▸ **Problem description**:
Write out exactly the lines of the entries below from the one holding "text \<open>BV(R): integrable" to the one holding "with partial derivatives", inclusive, and leave out all other lines.

Task material Start Marker

(* Let $\mu$ be a partition of $k$. Then, as functions on Young diagrams, $\mathrm{Ko}^{(\alpha)}_\mu=\sum_{\nu\vdash k}\frac{L_{\nu,\mu}}{z_\nu}\,\mathrm{Ch}^{(\alpha)}_\nu .$ In particular $\mathrm{Ko}^{(\alpha)}_\mu$ is an $\alpha$-shifted symmetric function.
   Context: $J^{(\alpha)}_\lambda$ is the Jack symmetric function in Macdonald's $J$-normalization. Write $J^{(\alpha)}_\lambda=\sum_{\tau\vdash|\lambda|}\widehat K^{\lambda,(\alpha)}_\tau M_\tau$ (monomial basis) and $J^{(\alpha)}_\lambda=\sum_{\tau\vdash|\lambda|}\theta^{(\alpha)}_\tau(\lambda)\,\mathrm p_\tau$ (power-sum basis). The numbers $L_{\nu,\mu}$ are defined by $\mathrm p_\nu=\sum_{\mu\vdash k}L_{\nu,\mu}M_\mu$ for $\nu\vdash k$. For a partition $\mu$ with $m_i=m_i(\mu)$ parts equal to $i$, $z_\mu=\prod_i i^{m_i}m_i!$. For $\mu\vdash k$ and $|\lambda|=n$ ($\mu1^{n-k}$ is $\mu$ with $n-k$ parts $1$ appended): $\mathrm{Ko}^{(\alpha)}_\mu(\lambda)=\widehat K^{\lambda,(\alpha)}_{\mu1^{n-k}}/(n-k)!$ if $n\ge k$, $0$ otherwise; $\mathrm{Ch}^{(\alpha)}_\mu(\lambda)=\binom{n-k+m_1(\mu)}{m_1(\mu)}\,z_\mu\,\theta^{(\alpha)}_{\mu1^{n-k}}(\lambda)$ if $n\ge k$, $0$ otherwise. An $\alpha$-shifted symmetric function is a sequence $F=(F_N)_{N\ge1}$, $F_N\in\mathbb Q(\alpha)[x_1,\dots,x_N]$ symmetric in $x_1-1/\alpha,\dots,x_N-N/\alpha$, with $F_{N+1}(x_1,\dots,x_N,0)=F_N(x_1,\dots,x_N)$ and bounded degrees; it is viewed as a function on Young diagrams via $F(\lambda)=F_\ell(\lambda_1,\dots,\lambda_\ell)$ for $\lambda$ with $\ell$ rows. It is known that each $\mathrm{Ch}^{(\alpha)}_\nu$ is $\alpha$-shifted symmetric. *)

theory Defs
  imports Main "HOL-Library.FuncSet" "HOL-Library.Poly_Mapping"
    "HOL-Computational_Algebra.Polynomial" "HOL-Computational_Algebra.Fraction_Field"
    "HOL-Combinatorics.Permutations"
begin

type_synonym qa = "rat poly fract"

definition alpha :: qa where
  "alpha = Fract [:0, 1:] 1"

definition is_partition :: "nat list \<Rightarrow> bool" where
  "is_partition la \<longleftrightarrow> sorted_wrt (\<ge>) la \<and> (\<forall>x\<in>set la. 0 < x)"
lemma lcp_length_conc:
  assumes "nonconstant g"
  shows "lcp_length (\<lambda>z. x \<frown> g z) = length x + lcp_length g"
  unfolding lcp_length_def
proof (rule Least_equality)
  show "\<exists>z. (x \<frown> g z) (length x + (LEAST k. \<exists>z. g z k \<noteq> g undefined k))
      \<noteq> (x \<frown> g undefined) (length x + (LEAST k. \<exists>z. g z k \<noteq> g undefined k))"
    using LeastI_ex[OF nonconstant_imp_ex_diff[OF assms]] by simp
next
  fix k assume "\<exists>z. (x \<frown> g z) k \<noteq> (x \<frown> g undefined) k"
  then obtain z where z: "(x \<frown> g z) k \<noteq> (x \<frown> g undefined) k" by blast
  then have "length x \<le> k" by (metis conc_fst not_le)
  then have "g z (k - length x) \<noteq> g undefined (k - length x)" using z by simp
  then have "(LEAST k. \<exists>z. g z k \<noteq> g undefined k) \<le> k - length x" by (blast intro: Least_le)
  then show "length x + (LEAST k. \<exists>z. g z k \<noteq> g undefined k) \<le> k"
    using \<open>length x \<le> k\<close> by simp
qed

lemma strip_lcp_conc:
  "nonconstant g \<Longrightarrow> strip_lcp (\<lambda>z. x \<frown> g z) = strip_lcp g"
  by (simp add: fun_eq_iff strip_lcp_def lcp_length_conc)

lemma nonconstant_strip_lcp: "nonconstant h \<Longrightarrow> nonconstant (strip_lcp h)"
  by (metis lcp_decomp nonconstant_def)

lemma lcp_length_strip_lcp:
  assumes "nonconstant h"
  shows "lcp_length (strip_lcp h) = 0"
proof -
  let ?p = "prefix (lcp_length h) (h undefined)"
  have decomp: "(\<lambda>z. ?p \<frown> strip_lcp h z) = h"
    by (rule ext) (rule lcp_decomp[symmetric])
  have "lcp_length (\<lambda>z. ?p \<frown> strip_lcp h z) = length ?p + lcp_length (strip_lcp h)"
    by (rule lcp_length_conc[OF nonconstant_strip_lcp[OF assms]])
  then show ?thesis by (simp only: decomp) simp
qed
(* Let $f\in C^2(\mathbb{R})$ with $f''<0$, let $u_0\in BV(\mathbb{R})$, let $u$ be the entropy admissible solution of $\partial_t u+\partial_x[f(u)]=0$, $u(0,\cdot)=u_0$, and set $w:=f\circ u$. Let $\gamma:]t_1,t_2[\to\mathbb{R}$ be a $C^1$ curve across which $u$ is discontinuous, fix $\tau\in]t_1,t_2[$, and assume that there is a neighborhood $\mathcal U$ of $(\tau,\gamma(\tau))$ such that $u$ admits continuous extensions to $\mathcal U\cap\{(t,x):x\le\gamma(t)\}$ and to $\mathcal U\cap\{(t,x):x\ge\gamma(t)\}$. If $\gamma'(\tau)\ne0$, then the limits below exist and $$\lim_{t\to\tau^+}w(t,\gamma(\tau))\le\lim_{t\to\tau^-}w(t,\gamma(\tau)).$$ If $\gamma'(\tau)=0$, then $w$ is continuous at $(\tau,\gamma(\tau))$ (i.e. the continuous extensions of $w$ from the two sides of $\gamma$ coincide at this point).
   Context: The entropy admissible solution is the Kružkov solution of the Cauchy problem (the unique bounded function satisfying $\iint\partial_t\varphi|u-c|+\partial_x\varphi\,\mathrm{sign}(u-c)[f(u)-f(c)]\,dx\,dt+\int\varphi(0,\cdot)|u_0-c|\,dx\ge0$ for all $c\in\mathbb{R}$ and nonnegative test functions $\varphi$). "$u$ is discontinuous across $\gamma$" means that the one-sided limits of $u$ from the left and from the right of $\gamma$ differ. *)

theory Defs
  imports "HOL-Analysis.Analysis"
begin

definition bounded_pointwise_variation :: "(real \<Rightarrow> real) \<Rightarrow> bool" where
  "bounded_pointwise_variation v \<longleftrightarrow>
     (\<exists>M. \<forall>(n::nat) (xs::nat \<Rightarrow> real). (\<forall>i<n. xs i < xs (Suc i)) \<longrightarrow>
        (\<Sum>i<n. \<bar>v (xs (Suc i)) - v (xs i)\<bar>) \<le> M)"

text \<open>BV(R): integrable functions having a representative (a.e. equal function)
  of bounded pointwise variation, i.e. finite essential variation.\<close>
definition BV :: "(real \<Rightarrow> real) \<Rightarrow> bool" where
  "BV u0 \<longleftrightarrow> integrable lborel u0 \<and>
     (\<exists>v. (AE x in lborel. v x = u0 x) \<and> bounded_pointwise_variation v)"

text \<open>Nonnegative compactly supported C^1 test functions on R^2 (variables (t,x)),
  with partial derivatives phit (in t) and phix (in x).\<close>
definition test_fun :: "(real \<times> real \<Rightarrow> real) \<Rightarrow> (real \<times> real \<Rightarrow> real) \<Rightarrow> (real \<times> real \<Rightarrow> real) \<Rightarrow> bool" where
  "test_fun phi phit phix \<longleftrightarrow>
     (\<forall>p. (phi has_derivative (\<lambda>(h, k). phit p * h + phix p * k)) (at p)) \<and>
     continuous_on UNIV phit \<and> continuous_on UNIV phix \<and>
     (\<forall>p. 0 \<le> phi p) \<and> bounded {p. phi p \<noteq> 0}"

text \<open>Kruzkov entropy admissible solution of u_t + f(u)_x = 0, u(0,.) = u0.
  The solution is a function of (t,x), relevant for t > 0.\<close>
definition kruzkov_solution :: "(real \<Rightarrow> real) \<Rightarrow> (real \<Rightarrow> real) \<Rightarrow> (real \<times> real \<Rightarrow> real) \<Rightarrow> bool" where
  "kruzkov_solution f u0 u \<longleftrightarrow>
     u \<in> borel_measurable lborel \<and>
     (\<exists>M. AE p in lborel. fst p > 0 \<longrightarrow> \<bar>u p\<bar> \<le> M) \<and>
     (\<forall>c phi phit phix. test_fun phi phit phix \<longrightarrow>
        0 \<le> (\<integral>p. indicator {p. fst p > 0} p *
                 (phit p * \<bar>u p - c\<bar> + phix p * sgn (u p - c) * (f (u p) - f c)) \<partial>lborel)
           + (\<integral>x. phi (0, x) * \<bar>u0 x - c\<bar> \<partial>lborel))"
lemma submod_mult_mono: "I \<subseteq> I' \<Longrightarrow> J \<subseteq> J' \<Longrightarrow> submod_mult I J \<subseteq> submod_mult I' J'"
  by (rule submod_mult_least) (auto simp: zero_in_submod_mult submod_mult_add intro: submod_mult_memI)

lemma submod_mult_subset_subring:
  assumes "subring B" "I \<subseteq> B" "J \<subseteq> B"
  shows "submod_mult I J \<subseteq> B"
  by (rule submod_mult_least) (use assms in \<open>auto simp: subring_def\<close>)

lemma submodule_submod_mult: "submodule A I \<Longrightarrow> submodule A (submod_mult I J)"
proof -
  assume I: "submodule A I"
  have "submod_mult I J \<subseteq> {x. a * x \<in> submod_mult I J}" if "a \<in> A" for a
    by (rule submod_mult_least) (use I that in \<open>auto simp: zero_in_submod_mult distrib_left
        submod_mult_add submoduleD mult.assoc[symmetric] intro!: submod_mult_memI\<close>)
  then show ?thesis unfolding submodule_def by (auto simp: zero_in_submod_mult submod_mult_add)
qed

lemma submodule_submod_mult2: "submodule A J \<Longrightarrow> submodule A (submod_mult I J)"
  by (subst submod_mult_comm) (rule submodule_submod_mult)

lemma submodule_subring: "subring B \<Longrightarrow> A \<subseteq> B \<Longrightarrow> submodule A B"
  unfolding submodule_def subring_def by blast

lemma prime_ideal_submod_mult:
  assumes P: "prime_ideal_of A P" and "I \<subseteq> A" "J \<subseteq> A" and IJ: "submod_mult I J \<subseteq> P"
  shows "I \<subseteq> P \<or> J \<subseteq> P"
proof (rule disjCI)
  assume "\<not> J \<subseteq> P"
  then obtain j where j: "j \<in> J" "j \<notin> P" by auto
  show "I \<subseteq> P"
  proof
    fix i assume "i \<in> I"
    then have "i * j \<in> P" using IJ j submod_mult_memI by blast
    then show "i \<in> P" using P j \<open>i \<in> I\<close> assms(2,3) unfolding prime_ideal_of_def by auto
  qed
qed

section \<open>Ideal arithmetic in a subring of a field\<close>

locale field_subring =
  fixes A :: "'k::field set"
  assumes subring: "subring A"
begin

lemmas zero_mem = subringD(1)[OF subring]
  and one_mem = subringD(2)[OF subring]
  and add_mem = subringD(3)[OF subring]
  and mult_mem = subringD(5)[OF subring]

lemma uminus_mem: "x \<in> A \<Longrightarrow> - x \<in> A"
  using subringD(4)[OF subring zero_mem] by simp

lemma submodule_ring: "submodule A A"
  unfolding submodule_def by (auto simp: zero_mem add_mem mult_mem)

lemma ring_ideal_ring: "ring_ideal A A"
  by (simp add: ring_ideal_iff_submodule submodule_ring)

lemma submod_mult_ring_left: "submodule A I \<Longrightarrow> submod_mult A I = I"
proof
  assume I: "submodule A I"
  show "submod_mult A I \<subseteq> I" by (rule submod_mult_least) (use I in \<open>auto simp: submoduleD\<close>)
  show "I \<subseteq> submod_mult A I" using submod_mult_memI[OF one_mem, of _ I] by fastforce
qed

lemma submod_mult_ring_right: "submodule A I \<Longrightarrow> submod_mult I A = I"
  by (subst submod_mult_comm) (rule submod_mult_ring_left)

lemma submod_mult_subset_left: "submodule A I \<Longrightarrow> J \<subseteq> A \<Longrightarrow> submod_mult I J \<subseteq> I"
  using submod_mult_mono[of I I J A] submod_mult_ring_right by auto

lemma ring_ideal_submod_mult: "ring_ideal A I \<Longrightarrow> J \<subseteq> A \<Longrightarrow> ring_ideal A (submod_mult I J)"
  unfolding ring_ideal_iff_submodule using submodule_submod_mult submod_mult_subset_left by blast

lemma submodule_principal: "submodule A (principal A x)"
  unfolding submodule_def principal_def
proof (intro conjI ballI)
  show "0 \<in> {x * a |a. a \<in> A}" using zero_mem by force
  fix u v assume "u \<in> {x * a |a. a \<in> A}" "v \<in> {x * a |a. a \<in> A}"
  then obtain a b where "a \<in> A" "b \<in> A" "u = x * a" "v = x * b" by blast
  then show "u + v \<in> {x * a |a. a \<in> A}"
    by (intro CollectI exI[of _ "a + b"]) (simp add: distrib_left add_mem)
next
  fix c u assume "c \<in> A" "u \<in> {x * a |a. a \<in> A}"
  then obtain a where "a \<in> A" "u = x * a" by blast
  then show "c * u \<in> {x * a |a. a \<in> A}"
    using \<open>c \<in> A\<close> by (intro CollectI exI[of _ "c * a"]) (simp add: mult.left_commute mult_mem)
qed

lemma ring_ideal_principal: "a \<in> A \<Longrightarrow> ring_ideal A (principal A a)"
  unfolding ring_ideal_iff_submodule using submodule_principal
  by (auto simp: principal_def mult_mem)

lemma self_in_principal: "x \<in> principal A x"
  unfolding principal_def using one_mem by force

lemma submod_mult_principal:
  assumes "submodule A I"
  shows "submod_mult (principal A x) I = (\<lambda>y. x * y) ` I"
proof
  show "submod_mult (principal A x) I \<subseteq> (\<lambda>y. x * y) ` I"
  proof (rule submod_mult_least)
    show "0 \<in> (*) x ` I" using submoduleD(1)[OF assms] by (metis image_eqI mult_zero_right)
    show "u + v \<in> (*) x ` I" if "u \<in> (*) x ` I" "v \<in> (*) x ` I" for u v
      using that submoduleD(2)[OF assms] by (auto simp: distrib_left[symmetric])
    show "i * j \<in> (*) x ` I" if "i \<in> principal A x" "j \<in> I" for i j
      using that submoduleD(3)[OF assms] unfolding principal_def by (auto simp: mult.assoc)
  qed
  show "(\<lambda>y. x * y) ` I \<subseteq> submod_mult (principal A x) I"
    using submod_mult_memI[OF self_in_principal] by blast
qed

lemma principal_mult: "submod_mult (principal A x) (principal A y) = principal A (x * y)"
  by (simp add: submod_mult_principal submodule_principal) (auto simp: principal_def mult.assoc)

lemma principal_eq_ring_imp_unit: "principal A x = A \<Longrightarrow> x \<noteq> 0 \<Longrightarrow> x \<in> units_of_ring A"
proof -
  assume x: "principal A x = A" "x \<noteq> 0"
  then obtain a where "a \<in> A" "1 = x * a" using one_mem unfolding principal_def by blast
  then have "inverse x = a" using x(2) by (simp add: field_simps)
  then have "inverse x \<in> A" using \<open>a \<in> A\<close> by simp
  then show ?thesis using x self_in_principal[of x] unfolding units_of_ring_def by auto
qed

lemma submodule_inverse_ideal: "submodule A (inverse_ideal A I)"
  unfolding submodule_def inverse_ideal_def
  by (auto simp: zero_mem add_mem mult_mem distrib_right mult.assoc)

lemma one_in_inverse_ideal: "I \<subseteq> A \<Longrightarrow> 1 \<in> inverse_ideal A I"
  unfolding inverse_ideal_def by auto

lemma submod_mult_inverse_ideal_subset: "submod_mult I (inverse_ideal A I) \<subseteq> A"
  by (rule submod_mult_least) (auto simp: zero_mem add_mem inverse_ideal_def mult.commute)

lemma div_in_inverse_ideal:
  assumes a: "a \<noteq> 0" and PY: "submod_mult P Y \<subseteq> principal A a"
    and b: "b \<in> Y" "b \<notin> principal A a"
  shows "b / a \<in> inverse_ideal A P" "b / a \<notin> A"
proof -
  show "b / a \<in> inverse_ideal A P"
    unfolding inverse_ideal_def
  proof (intro CollectI ballI)
    fix p assume "p \<in> P"
    then have "p * b \<in> principal A a" using PY b(1) submod_mult_memI by blast
    then obtain r where "r \<in> A" "p * b = a * r" unfolding principal_def by blast
    then show "b / a * p \<in> A" using a by (auto simp: field_simps)
  qed
  show "b / a \<notin> A"
  proof
    assume "b / a \<in> A"
    then have "a * (b / a) \<in> principal A a" unfolding principal_def by blast
    then show False using b(2) a by simp
  qed
qed

lemma invertible_imp_mult_inverse_ideal:
  assumes "submod_mult I J = A"
  shows "submod_mult I (inverse_ideal A I) = A"
proof -
  have "J \<subseteq> inverse_ideal A I"
  proof
    fix y assume "y \<in> J"
    then have "i * y \<in> A" if "i \<in> I" for i using that assms submod_mult_memI by blast
    then show "y \<in> inverse_ideal A I" unfolding inverse_ideal_def by (simp add: mult.commute)
  qed
  then have "A \<subseteq> submod_mult I (inverse_ideal A I)" using assms submod_mult_mono by blast
  then show ?thesis using submod_mult_inverse_ideal_subset by blast
qed

lemma submod_mult_cancel_right:
  assumes inv: "submod_mult I J = A" and "submodule A X" "submodule A Y"
    and eq: "submod_mult X I = submod_mult Y I"
  shows "X = Y"
proof -
  have "X = submod_mult (submod_mult X I) J"
    by (simp add: submod_mult_assoc inv submod_mult_ring_right assms(2))
  also have "\<dots> = Y"
    by (simp add: eq submod_mult_assoc inv submod_mult_ring_right assms(3))
  finally show ?thesis .
qed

Task material End Marker

▸ **Answer to this task**:
text \<open>BV(R): integrable functions having a representative (a.e. equal function)
  of bounded pointwise variation, i.e. finite essential variation.\<close>
definition BV :: "(real \<Rightarrow> real) \<Rightarrow> bool" where
  "BV u0 \<longleftrightarrow> integrable lborel u0 \<and>
     (\<exists>v. (AE x in lborel. v x = u0 x) \<and> bounded_pointwise_variation v)"

text \<open>Nonnegative compactly supported C^1 test functions on R^2 (variables (t,x)),
  with partial derivatives phit (in t) and phix (in x).\<close>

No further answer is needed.